Если к нашему земному опыту добавить немного фантазии, можно додумать, что стало с космическим домом после 10–летнего проживания, особенно если учесть его гостиничный вариант с постоянной сменой пришельцев–землян.

На 12 году полета «Мира» судьба приготовила нам новые испытания, которые вытянулись в длинную цепь продолжительностью почти в целый год. Пожар, следовавшие один за другим отказы бортового компьютера и другой аппаратуры и, наконец, столкновение с грузовиком, на полном ходу въехавшим под брюхо станции и продырявившим один из боковых модулей, что чуть не привело к фатальным последствиям.

За все время полета орбитального «Мира» не было столько трудных и Драматических событий, как в 1997 году. Несмотря на потери, Земля и космос сумели выстоять и оправиться, для того чтобы продолжить полет в течение еще, по крайней мере, двух лет.

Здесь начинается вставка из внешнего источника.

(* Let $\varepsilon,\delta\geq 0$ and let $\mathcal{M},\mathcal{N}$ be CTMCs with $\mathcal{M}\sim_{\varepsilon,\delta}\mathcal{N}$. Then there are CTMCs $\mathcal{M}'$ and $\mathcal{N}'$ with the same graph structure such that $\mathcal{M}\sim_{\varepsilon,0}\mathcal{M}'$, $\mathcal{M}'\sim_{0,\delta}\mathcal{N}'$, and $\mathcal{N}'\sim\mathcal{N}$.
   Context: A CTMC is a tuple $(S,P,E,s_{init},L)$ with $S$ a finite nonempty set of states, $P\colon S\to\mathrm{Distr}(S)$ a transition probability function (self-loops allowed; $P(s,A)=\sum_{a\in A}P(s,a)$), $E\colon S\to\mathbb{R}_{>0}$ an exit rate function, $s_{init}\in S$ an initial state and $L\colon S\to 2^{AP}$ a labeling. Two CTMCs have the same graph structure if they have the same state set, initial state, labeling, and the same pairs of states connected by transitions of positive probability. For a relation $R\subseteq S\times S$ and $A\subseteq S$, $R(A)=\{t\mid\exists s\in A:(s,t)\in R\}$. For $\varepsilon,\delta\geq0$, a reflexive symmetric relation $R$ on the states of a CTMC is an $(\varepsilon,\delta)$-bisimulation if for all $(s,s')\in R$: $L(s)=L(s')$, $|\ln E(s)-\ln E(s')|\leq\delta$, and $P(s,A)\leq P(s',R(A))+\varepsilon$ for all sets of states $A$; $s\sim_{\varepsilon,\delta}s'$ if some $(\varepsilon,\delta)$-bisimulation contains $(s,s')$. A strong bisimulation is an equivalence $R$ with $L(s)=L(s')$, $E(s)=E(s')$ and $P(s,C)=P(s',C)$ for every equivalence class $C$ whenever $(s,s')\in R$; $s\sim s'$ if some strong bisimulation contains $(s,s')$. For CTMCs $\mathcal{M}_1,\mathcal{M}_2$, the direct sum $\mathcal{M}_1\oplus\mathcal{M}_2$ is their disjoint union; $\mathcal{M}_1\sim_{\varepsilon,\delta}\mathcal{M}_2$ (resp. $\mathcal{M}_1\sim\mathcal{M}_2$) means that the initial states of $\mathcal{M}_1$ and $\mathcal{M}_2$ satisfy $\sim_{\varepsilon,\delta}$ (resp. $\sim$) in $\mathcal{M}_1\oplus\mathcal{M}_2$. *)

theory Defs
  imports Complex_Main
begin

text \<open>A CTMC (S, P, E, s_init, L). Transition probabilities are given as a
  function P s t, with P(s, A) = sum of P s t over t in A.\<close>

record ('s, 'ap) ctmc =
  states :: "'s set"
  prob :: "'s \<Rightarrow> 's \<Rightarrow> real"
  rate :: "'s \<Rightarrow> real"
  initial :: "'s"
  label :: "'s \<Rightarrow> 'ap set"

definition is_ctmc :: "('s, 'ap) ctmc \<Rightarrow> bool" where
  "is_ctmc M \<longleftrightarrow>
     finite (states M) \<and> states M \<noteq> {} \<and>
     initial M \<in> states M \<and>
     (\<forall>s\<in>states M. (\<forall>t. prob M s t \<ge> 0) \<and> (\<forall>t. t \<notin> states M \<longrightarrow> prob M s t = 0)
                    \<and> (\<Sum>t\<in>states M. prob M s t) = 1) \<and>
     (\<forall>s\<in>states M. rate M s > 0)"

definition probset :: "('s, 'ap) ctmc \<Rightarrow> 's \<Rightarrow> 's set \<Rightarrow> real" where
  "probset M s A = (\<Sum>t\<in>A \<inter> states M. prob M s t)"

definition same_graph :: "('s, 'ap) ctmc \<Rightarrow> ('s, 'ap) ctmc \<Rightarrow> bool" where
  "same_graph M N \<longleftrightarrow>
     states M = states N \<and> initial M = initial N \<and>
     (\<forall>s\<in>states M. label M s = label N s) \<and>
     (\<forall>s\<in>states M. \<forall>t\<in>states M. prob M s t > 0 \<longleftrightarrow> prob N s t > 0)"

definition eps_delta_bisim :: "real \<Rightarrow> real \<Rightarrow> ('s, 'ap) ctmc \<Rightarrow> ('s \<times> 's) set \<Rightarrow> bool" where
  "eps_delta_bisim \<epsilon> \<delta> M R \<longleftrightarrow>
     R \<subseteq> states M \<times> states M \<and> refl_on (states M) R \<and> sym R \<and>
     (\<forall>(s, s')\<in>R. label M s = label M s' \<and>
        \<bar>ln (rate M s) - ln (rate M s')\<bar> \<le> \<delta> \<and>
        (\<forall>A\<subseteq>states M. probset M s A \<le> probset M s' (R `` A) + \<epsilon>))"

definition eps_delta_bisimilar :: "real \<Rightarrow> real \<Rightarrow> ('s, 'ap) ctmc \<Rightarrow> 's \<Rightarrow> 's \<Rightarrow> bool" where
  "eps_delta_bisimilar \<epsilon> \<delta> M s s' \<longleftrightarrow> (\<exists>R. eps_delta_bisim \<epsilon> \<delta> M R \<and> (s, s') \<in> R)"

definition strong_bisim :: "('s, 'ap) ctmc \<Rightarrow> ('s \<times> 's) set \<Rightarrow> bool" where
  "strong_bisim M R \<longleftrightarrow>
     equiv (states M) R \<and>
     (\<forall>(s, s')\<in>R. label M s = label M s' \<and> rate M s = rate M s' \<and>
        (\<forall>C\<in>states M // R. probset M s C = probset M s' C))"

В критическое время обнажились многие технические и организационные недостатки. Россияне, как не раз бывало в прошлом, сумели мобилизоваться. Американцев аварийные события застали почти врасплох, продолжение совместных полетов оказалось под вопросом. В конце концов, НАСА, несмотря на прессинг, осталось верным партнером и внесло свой, американский вклад в общее дело — и не только финансовый.

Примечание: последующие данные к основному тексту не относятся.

theorem proposition3p9:
  fixes G :: "('a, 'm) monoid_scheme" and H K :: "'a set"
    and f :: "'a set \<Rightarrow> 'a set \<Rightarrow> 'd::ab_group_add"
  assumes "group G"
    and "H \<lhd> G" and "K \<lhd> G"
    and "H <#>\<^bsub>G\<^esub> K = carrier G"
    and "\<forall>h\<in>H. \<forall>k\<in>K. h \<otimes>\<^bsub>G\<^esub> k = k \<otimes>\<^bsub>G\<^esub> h"
    and "divisible_ab TYPE('d)"
    and "cocycle2 (G Mod Zc G H K) f"
    and "res_zero ((G Mod Zc G H K)\<lparr>carrier := qbar G (Zc G H K) H\<rparr>) (qbar G (Zc G H K) (H \<inter> K)) f
         \<or> res_zero ((G Mod Zc G H K)\<lparr>carrier := qbar G (Zc G H K) K\<rparr>) (qbar G (Zc G H K) (H \<inter> K)) f"
  shows "(in_image_inflation (G Mod Zc G H K) (qbar G (Zc G H K) (H \<inter> K)) f
           \<longleftrightarrow> hom_tensor_zero (qbar G (Zc G H K) H) (qbar G (Zc G H K) (H \<inter> K))
                  (fst (mu_star (nu_map f)))
               \<and> hom_tensor_zero (qbar G (Zc G H K) K) (qbar G (Zc G H K) (H \<inter> K))
                  (snd (mu_star (nu_map f))))
       \<and> (hom_tensor_zero (qbar G (Zc G H K) H) (qbar G (Zc G H K) (H \<inter> K))
                  (fst (mu_star (nu_map f)))
               \<and> hom_tensor_zero (qbar G (Zc G H K) K) (qbar G (Zc G H K) (H \<inter> K))
                  (snd (mu_star (nu_map f)))
           \<longleftrightarrow> hom_tensor_zero (qbar G (Zc G H K) H) (qbar G (Zc G H K) (H \<inter> K)) (psi_map f)
               \<and> hom_tensor_zero (qbar G (Zc G H K) K) (qbar G (Zc G H K) (H \<inter> K)) (psi_map f))"
proof -
  let ?Q = "G Mod Zc G H K" and ?q = "qbar G (Zc G H K)"
  interpret group G by (rule assms(1))
  have H: "subgroup H G" and K: "subgroup K G" using assms(2,3) normal_imp_subgroup by blast+
  have Z: "Zc G H K \<lhd> G" by (rule Zc_normal_in_central_product[OF H K assms(4,5)])
  note quotient = central_product_FactGroup[OF Z H K assms(4,5)]
  interpret Q: group ?Q by (rule normal.factorgroup_is_group[OF Z])
  have res: "coboundary2 (?Q\<lparr>carrier := ?q (H \<inter> K)\<rparr>) f"
    using assms(8) unfolding res_zero_def by auto
  have "in_image_inflation ?Q (?q (H \<inter> K)) f
      \<longleftrightarrow> (\<forall>x\<in>carrier ?Q. \<forall>a\<in>?q (H \<inter> K). f x a = f a x)"
    by (rule Q.inflation_iff_symmetric_on_central[OF quotient(1,2) assms(7) res])
  also have "\<dots> \<longleftrightarrow> (\<forall>x\<in>?q H. \<forall>a\<in>?q (H \<inter> K). f x a = f a x)
      \<and> (\<forall>x\<in>?q K. \<forall>a\<in>?q (H \<inter> K). f x a = f a x)"
    by (rule Q.symmetric_on_central_iff_factors[OF assms(7) subgroup.subset[OF quotient(1)] quotient(2-5)])
  finally have inflation_iff: "in_image_inflation ?Q (?q (H \<inter> K)) f
      \<longleftrightarrow> (\<forall>x\<in>?q H. \<forall>a\<in>?q (H \<inter> K). f x a = f a x)
        \<and> (\<forall>x\<in>?q K. \<forall>a\<in>?q (H \<inter> K). f x a = f a x)" .
  have swap: "(\<forall>x\<in>?q K. \<forall>a\<in>?q (H \<inter> K). f a x = f x a)
      \<longleftrightarrow> (\<forall>x\<in>?q K. \<forall>a\<in>?q (H \<inter> K). f x a = f a x)"
    by auto
  show ?thesis
    unfolding hom_tensor_zero_def mu_star_def nu_map_def psi_map_def fst_conv snd_conv right_minus_eq swap
    by (rule conjI[OF inflation_iff refl])
qed

end
(* Let $\mathcal{T}$ be the twisted $N=2$ superconformal algebra (defined in the context), let $\lambda\in\mathbb{C}^*$, $\alpha\in\mathbb{C}$ and $t\in\{1,-1\}$. Let $V=\mathbb{C}[\partial^2]\oplus\partial\mathbb{C}[\partial^2]$ be the $\mathbb{Z}_2$-graded vector space with $V_{\bar0}=\mathbb{C}[\partial^2]$ and $V_{\bar1}=\partial\mathbb{C}[\partial^2]$. For $m\in\mathbb{Z}$, $r\in\frac12+\mathbb{Z}$, $p\in\frac12\mathbb{Z}$ and $f(\partial^2)\in\mathbb{C}[\partial^2]$ define $$L_mf(\partial^2)=\lambda^m(\partial^2+m\alpha)f(\partial^2+m),\qquad L_m\partial f(\partial^2)=\lambda^m\big(\partial^2+m(\alpha+\tfrac12)\big)\partial f(\partial^2+m),$$ $$I_rf(\partial^2)=-2t^{2r}\lambda^{r}\alpha f(\partial^2+r),\qquad I_r\partial f(\partial^2)=t^{2r}\lambda^{r}(1-2\alpha)\partial f(\partial^2+r),$$ $$G_pf(\partial^2)=t^{2p}\lambda^p\partial f(\partial^2+p),\qquad G_p\partial f(\partial^2)=(-t)^{2p}\lambda^p(\partial^2+2p\alpha)f(\partial^2+p).$$ Then these formulas make $V$ a $\mathcal{T}$-module (denoted $\mathcal{M}_t(\lambda,\alpha)$), and as a module over $\mathcal{U}(\mathfrak{h})$, $\mathfrak{h}=\mathbb{C}L_0\oplus\mathbb{C}G_0$, it is free of rank $1$.
   Context: The twisted $N=2$ superconformal algebra $\mathcal{T}$ is the Lie superalgebra over $\mathbb{C}$ with basis $\{L_m, I_r, G_p\mid m\in\mathbb{Z}, r\in\frac12+\mathbb{Z}, p\in\frac12\mathbb{Z}\}$, even part spanned by the $L_m,I_r$, odd part spanned by the $G_p$, and with the only nonzero brackets $[L_m,L_n]=(m-n)L_{m+n}$, $[L_m,I_r]=-rI_{m+r}$, $[L_m,G_p]=(\frac m2-p)G_{m+p}$, $[I_r,G_p]=G_{r+p}$, and $[G_p,G_q]=(-1)^{2p}2L_{p+q}$ if $p+q\in\mathbb{Z}$, $[G_p,G_q]=(-1)^{2p+1}(p-q)I_{p+q}$ if $p+q\in\frac12+\mathbb{Z}$. A $\mathcal{T}$-module is a $\mathbb{Z}_2$-graded space $V$ with $\mathcal{T}_{\bar i}V_{\bar j}\subseteq V_{\bar i+\bar j}$ and $x(yv)-(-1)^{|x||y|}y(xv)=[x,y]v$. Here $\partial$ is a formal variable, $f(\partial^2+m)$ means the polynomial $f$ evaluated at $\partial^2+m$, and for $p\in\frac12\mathbb{Z}$, $\lambda^p$ means $(\lambda^{1/2})^{2p}$ for a fixed choice of square root $\lambda^{1/2}$. *)

theory Defs
  imports Complex_Main "HOL-Computational_Algebra.Polynomial"
begin

text \<open>Basis elements: Lb m = L_m (m integer), Ib r = I_r (r in 1/2 + Z),
  Gb p = G_p (p in 1/2 Z).  Indices of I and G are real numbers subject to
  the validity predicate below.\<close>

datatype Tbasis = Lb int | Ib real | Gb real

definition half_int :: "real \<Rightarrow> bool" where
  "half_int r \<longleftrightarrow> r - 1/2 \<in> \<int>"

fun valid :: "Tbasis \<Rightarrow> bool" where
  "valid (Lb m) = True"
| "valid (Ib r) = half_int r"
| "valid (Gb p) = (2 * p \<in> \<int>)"

fun odd_b :: "Tbasis \<Rightarrow> bool" where
  "odd_b (Gb p) = True"
| "odd_b _ = False"

text \<open>For p in 1/2 Z and z a complex number, hpow z p = z^(2p) (an integer power).
  With z = lambda^(1/2) this is lambda^p in the paper's convention.\<close>
definition hpow :: "complex \<Rightarrow> real \<Rightarrow> complex" where
  "hpow z p = z powi \<lfloor>2 * p\<rfloor>"

text \<open>The Lie superbracket of two basis elements is a scalar multiple of a
  basis element; it is returned as (coefficient, basis element).  The zero
  bracket is represented with coefficient 0.  Brackets not listed in the
  definition of T are obtained by super-antisymmetry
  [y,x] = -(-1)^(|x||y|) [x,y].\<close>
fun tbr :: "Tbasis \<Rightarrow> Tbasis \<Rightarrow> complex \<times> Tbasis" where
  "tbr (Lb m) (Lb n) = (of_int (m - n), Lb (m + n))"
| "tbr (Lb m) (Ib r) = (- of_real r, Ib (of_int m + r))"
| "tbr (Ib r) (Lb m) = (of_real r, Ib (r + of_int m))"
| "tbr (Lb m) (Gb p) = (of_real (of_int m / 2 - p), Gb (of_int m + p))"
| "tbr (Gb p) (Lb m) = (- of_real (of_int m / 2 - p), Gb (p + of_int m))"
| "tbr (Ib r) (Gb p) = (1, Gb (r + p))"
| "tbr (Gb p) (Ib r) = (-1, Gb (p + r))"
| "tbr (Ib r) (Ib s) = (0, Lb 0)"
| "tbr (Gb p) (Gb q) =
     (if p + q \<in> \<int> then ((-1) powi \<lfloor>2 * p\<rfloor> * 2, Lb \<lfloor>p + q\<rfloor>)
      else ((-1) powi (\<lfloor>2 * p\<rfloor> + 1) * of_real (p - q), Ib (p + q)))"

text \<open>An element (f, g) stands for f(d^2) + d g(d^2); the even part
  V_0 = C[d^2] is {(f,0)}, the odd part V_1 = d C[d^2] is {(0,g)}.\<close>
type_synonym V = "complex poly \<times> complex poly"

definition vadd :: "V \<Rightarrow> V \<Rightarrow> V" where
  "vadd u w = (fst u + fst w, snd u + snd w)"

definition vsub :: "V \<Rightarrow> V \<Rightarrow> V" where
  "vsub u w = (fst u - fst w, snd u - snd w)"

definition vsc :: "complex \<Rightarrow> V \<Rightarrow> V" where
  "vsc c u = (smult c (fst u), smult c (snd u))"

definition vzero :: V where "vzero = (0, 0)"

definition even_V :: "V \<Rightarrow> bool" where "even_V u \<longleftrightarrow> snd u = 0"
definition odd_V :: "V \<Rightarrow> bool" where "odd_V u \<longleftrightarrow> fst u = 0"

definition shift :: "complex \<Rightarrow> complex poly \<Rightarrow> complex poly" where
  "shift a f = pcompose f [:a, 1:]"

text \<open>A family of operators act x (x a basis element) defines a T-module
  structure on V (by linear extension) iff each operator is linear, respects
  the Z_2-grading, and x(yv) - (-1)^(|x||y|) y(xv) = [x,y]v for all basis
  elements x, y and all v.\<close>
definition is_T_module :: "(Tbasis \<Rightarrow> V \<Rightarrow> V) \<Rightarrow> bool" where
  "is_T_module act \<longleftrightarrow>
     (\<forall>x. valid x \<longrightarrow>
        (\<forall>u w. act x (vadd u w) = vadd (act x u) (act x w)) \<and>
        (\<forall>c u. act x (vsc c u) = vsc c (act x u)) \<and>
        (\<forall>u. even_V u \<longrightarrow> (if odd_b x then odd_V (act x u) else even_V (act x u))) \<and>
        (\<forall>u. odd_V u \<longrightarrow> (if odd_b x then even_V (act x u) else odd_V (act x u)))) \<and>
     (\<forall>x y v. valid x \<longrightarrow> valid y \<longrightarrow>
        vsub (act x (act y v))
             (vsc (if odd_b x \<and> odd_b y then -1 else 1) (act y (act x v)))
        = vsc (fst (tbr x y)) (act (snd (tbr x y)) v))"

definition poly_act :: "complex poly \<Rightarrow> (V \<Rightarrow> V) \<Rightarrow> V \<Rightarrow> V" where
  "poly_act a A v = foldr vadd (map (\<lambda>i. vsc (coeff a i) ((A ^^ i) v)) [0..<Suc (degree a)]) vzero"

text \<open>By PBW, U(h) has basis L_0^i, L_0^i G_0 (i >= 0) (note [G_0,G_0] = 2 L_0),
  so every element of U(h) is uniquely a(L_0) + b(L_0) G_0 with polynomials a, b.\<close>
definition free_rank1_Uh :: "(Tbasis \<Rightarrow> V \<Rightarrow> V) \<Rightarrow> bool" where
  "free_rank1_Uh act \<longleftrightarrow>
     (\<exists>v. \<forall>w. \<exists>!ab :: complex poly \<times> complex poly.
         w = vadd (poly_act (fst ab) (act (Lb 0)) v)
                  (poly_act (snd ab) (act (Lb 0)) (act (Gb 0) v)))"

Люди, ведущие «игроки и тренеры», тоже попали под лупу повышенного профессионального и общественного внимания. Можно ли слетать в космос на 1–2 недели, и даже отлетать полгода, и, став героем, не раскрыться, не обнаружить истинные качества, достоинства и недостатки? Как на войне, на переднем крае, человек раскрывается полностью и быстро в критические периоды. Так было в стране в 1941–м, а на орбитальном «Мире» — в 1997–м. События сталкивали людей. Особенно примечательно и интересно то, что они представляли интересы разных профессиональных групп и даже, как любят говорить американцы, — различных культур. Все это было связано с жизнью в России и США, с тем, что происходило и изменялось в этих странах и в остальном мире. В России, все мы, на Земле и на орбите, работали в новых экономических условиях, поэтому космонавты постоянно находились под дополнительным прессингом и не забывали о том, что их гонорар зависел от качества и количества выполненных работ.

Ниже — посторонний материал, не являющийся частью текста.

(* Let $G$ be a graph of order $n\ge 3$, let $\mathbf{x}=(x_1,\ldots,x_n)$ be a nonnegative unit eigenvector of $Q(G)$ for the eigenvalue $q(G)$, and let $u$ be a vertex with $x_u=\min\{x_1,\ldots,x_n\}$. Then \[ \frac{q(G-u)}{n-2}\ge \frac{q(G)}{n-1}\left(1+\frac{1-nx_u^2}{(n-2)(1-x_u^2)}\right)-\frac{1-nx_u^2}{(n-2)(1-x_u^2)}. \]
   Context: All graphs are finite and simple. $Q(G)=D(G)+A(G)$ is the signless Laplacian ($D(G)$ the diagonal degree matrix, $A(G)$ the adjacency matrix) and $q(G)$ its largest eigenvalue. "Unit" means Euclidean norm $1$; the coordinate $x_v$ corresponds to vertex $v$. $G-u$ denotes the graph obtained by deleting $u$ and all incident edges. *)

theory Defs
  imports Complex_Main
begin

definition simple_graph :: "'a set \<Rightarrow> ('a \<Rightarrow> 'a \<Rightarrow> bool) \<Rightarrow> bool" where
  "simple_graph V E \<longleftrightarrow> finite V \<and> (\<forall>u v. E u v \<longrightarrow> u \<in> V \<and> v \<in> V)
     \<and> (\<forall>u v. E u v \<longrightarrow> E v u) \<and> (\<forall>v. \<not> E v v)"

definition degree :: "'a set \<Rightarrow> ('a \<Rightarrow> 'a \<Rightarrow> bool) \<Rightarrow> 'a \<Rightarrow> nat" where
  "degree V E v = card {w \<in> V. E v w}"

definition signless_laplacian :: "'a set \<Rightarrow> ('a \<Rightarrow> 'a \<Rightarrow> bool) \<Rightarrow> 'a \<Rightarrow> 'a \<Rightarrow> real" where
  "signless_laplacian V E u v =
     (if u = v then real (degree V E u) else 0) + (if E u v then 1 else 0)"

definition is_eigenvalue :: "'a set \<Rightarrow> ('a \<Rightarrow> 'a \<Rightarrow> real) \<Rightarrow> real \<Rightarrow> bool" where
  "is_eigenvalue V M lam \<longleftrightarrow>
     (\<exists>x. (\<exists>v\<in>V. x v \<noteq> 0) \<and> (\<forall>v\<in>V. (\<Sum>w\<in>V. M v w * x w) = lam * x v))"

definition q_index :: "'a set \<Rightarrow> ('a \<Rightarrow> 'a \<Rightarrow> bool) \<Rightarrow> real" where
  "q_index V E = Max {lam. is_eigenvalue V (signless_laplacian V E) lam}"

definition del_vertex_V :: "'a set \<Rightarrow> 'a \<Rightarrow> 'a set" where
  "del_vertex_V V u = V - {u}"

definition del_vertex_E :: "('a \<Rightarrow> 'a \<Rightarrow> bool) \<Rightarrow> 'a \<Rightarrow> 'a \<Rightarrow> 'a \<Rightarrow> bool" where
  "del_vertex_E E u a b \<longleftrightarrow> E a b \<and> a \<noteq> u \<and> b \<noteq> u"

end

theory Submission
  imports Defs "HOL-Analysis.Function_Topology" "Jordan_Normal_Form.Spectral_Radius"
begin

text \<open>Restrict the eigenvector \<open>x\<close> to \<open>V - {u}\<close>. By the Rayleigh principle its quadratic form for
  \<open>Q(G - u)\<close> is at most \<open>q(G - u) (1 - x\<^sub>u\<^sup>2)\<close>, and it differs from \<open>x\<^sup>T Q(G) x = q(G)\<close> exactly by the
  terms \<open>(x\<^sub>u + x\<^sub>w)\<^sup>2\<close> of the edges \<open>uw\<close>. The eigen-equation at \<open>u\<close>, \<open>d(u) x\<^sub>u + \<Sum>\<^sub>w\<^sub>~\<^sub>u x\<^sub>w = q(G) x\<^sub>u\<close>,
  together with \<open>x\<^sub>v\<^sup>2 \<ge> x\<^sub>u\<^sup>2\<close> at the non-neighbours of \<open>u\<close>, bounds these terms by
  \<open>2 q(G) x\<^sub>u\<^sup>2 + 1 - n x\<^sub>u\<^sup>2\<close>. Hence \<open>q(G - u) (1 - x\<^sub>u\<^sup>2) \<ge> q(G) (1 - 2 x\<^sub>u\<^sup>2) - 1 + n x\<^sub>u\<^sup>2\<close>, which
  rearranges to the claim. The Rayleigh principle is obtained from a maximiser of the
  quadratic form on the unit sphere, which is an eigenvector by a first-order variation.\<close>

definition quad_form :: "'a set \<Rightarrow> ('a \<Rightarrow> 'a \<Rightarrow> real) \<Rightarrow> ('a \<Rightarrow> real) \<Rightarrow> real" where
  "quad_form W M z = (\<Sum>v\<in>W. \<Sum>w\<in>W. M v w * z v * z w)"

lemma quad_form_eigenvector:
  assumes "\<forall>v\<in>W. (\<Sum>w\<in>W. M v w * z w) = lam * z v"
  shows "quad_form W M z = lam * (\<Sum>v\<in>W. (z v)\<^sup>2)"
proof -
  have "quad_form W M z = (\<Sum>v\<in>W. z v * (\<Sum>w\<in>W. M v w * z w))"
    unfolding quad_form_def by (simp add: sum_distrib_left mult_ac)
  also have "\<dots> = (\<Sum>v\<in>W. lam * (z v)\<^sup>2)"
    using assms by (intro sum.cong refl) (simp add: power2_eq_square)
  finally show ?thesis
    by (simp add: sum_distrib_left)
qed

lemma finite_eigenvalues:
  assumes fin: "finite W"
  shows "finite {lam. is_eigenvalue W M lam}"
proof -
  define n where "n = card W"
  \<comment> \<open>Enumerating \<open>W\<close> turns \<open>M\<close> into a square matrix whose finite spectrum contains every eigenvalue.\<close>
  obtain f where f: "bij_betw f {0..<n} W"
    using ex_bij_betw_nat_finite[OF fin] n_def by blast
  have f_in: "f i \<in> W" if "i < n" for i
    using f that unfolding bij_betw_def by auto
  define A where "A = mat n n (\<lambda>(i, j). M (f i) (f j))"
  have A: "A \<in> carrier_mat n n"
    unfolding A_def by simp
  have "{lam. is_eigenvalue W M lam} \<subseteq> spectrum A"
  proof
    fix lam
    assume "lam \<in> {lam. is_eigenvalue W M lam}"
    then obtain x where nonzero: "\<exists>v\<in>W. x v \<noteq> 0"
      and eigen: "\<forall>v\<in>W. (\<Sum>w\<in>W. M v w * x w) = lam * x v"
      unfolding is_eigenvalue_def by blast
    define v where "v = vec n (\<lambda>i. x (f i))"
    obtain i where "i < n" "x (f i) \<noteq> 0"
      using nonzero f unfolding bij_betw_def by auto
    then have "v $ i \<noteq> 0\<^sub>v n $ i"
      unfolding v_def by simp
    then have "v \<noteq> 0\<^sub>v n"
      by metis
    moreover have "A *\<^sub>v v = lam \<cdot>\<^sub>v v"
    proof (rule eq_vecI)
      fix i
      assume "i < dim_vec (lam \<cdot>\<^sub>v v)"
      then have i: "i < n"
        unfolding v_def by simp
      have "(A *\<^sub>v v) $ i = (\<Sum>j\<in>{0..<n}. M (f i) (f j) * x (f j))"
        using i unfolding A_def v_def by (simp add: scalar_prod_def)
      also have "\<dots> = (\<Sum>w\<in>W. M (f i) w * x w)"
        by (rule sum.reindex_bij_betw[OF f])
      also have "\<dots> = lam * x (f i)"
        using eigen f_in[OF i] by blast
      finally show "(A *\<^sub>v v) $ i = (lam \<cdot>\<^sub>v v) $ i"
        using i unfolding v_def by simp
    qed (simp add: A_def v_def)
    ultimately have "eigenvector A v lam"
      unfolding eigenvector_def using A unfolding v_def by simp
    then show "lam \<in> spectrum A"
      unfolding spectrum_def eigenvalue_def by blast
  qed
  then show ?thesis
    using card_finite_spectrum(1)[OF A] finite_subset by blast
qed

От воспоминаний и общих рассуждений, от описания организационно–социальных процессов и проблем пора перейти к действительным событиям, которые происходили и сопровождали полет орбитального «Мира» в 1997 году.

Надо сказать, что все последние годы планы полетов космонавтов выполнялись лишь с небольшими отклонениями, без срывов. Парадоксально, но факт, что на фоне общего развала экономики страны, большинства ее отраслей, в первую очередь — высоких технологий, жизнь на орбите продолжалась. Несмотря на то, что весь этот развал коснулся космической отрасли, корабли и ракеты–носители в целом готовились в соответствии с этими планами. Даже в годы плановой экономики под командованием настоящих министров, под неусыпным надзором партийных и других органов такой последовательности не наблюдалось. Несмотря на упадок и разброд в службах космодрома Байконур, запуски в космос проходили четко, без срывов и аварий. Немногие знают, каких усилий это стоило. Центр управления полетом и НИПы, разбросанные на все еще большой территории России, поддерживали связь с разведчиками вселенной и управляли кораблями и модулями. Очевидцы, правда, говорили, что их состояние приближалось к пределу.

В этом безусловная заслуга, прежде всего, руководства РКК «Энергия» и предприятий–смежников, работавших под эгидой Российского космического агентства и последних «космических военных», которые героически сражались, чтобы сохранить остатки былой мощи и выжить самим.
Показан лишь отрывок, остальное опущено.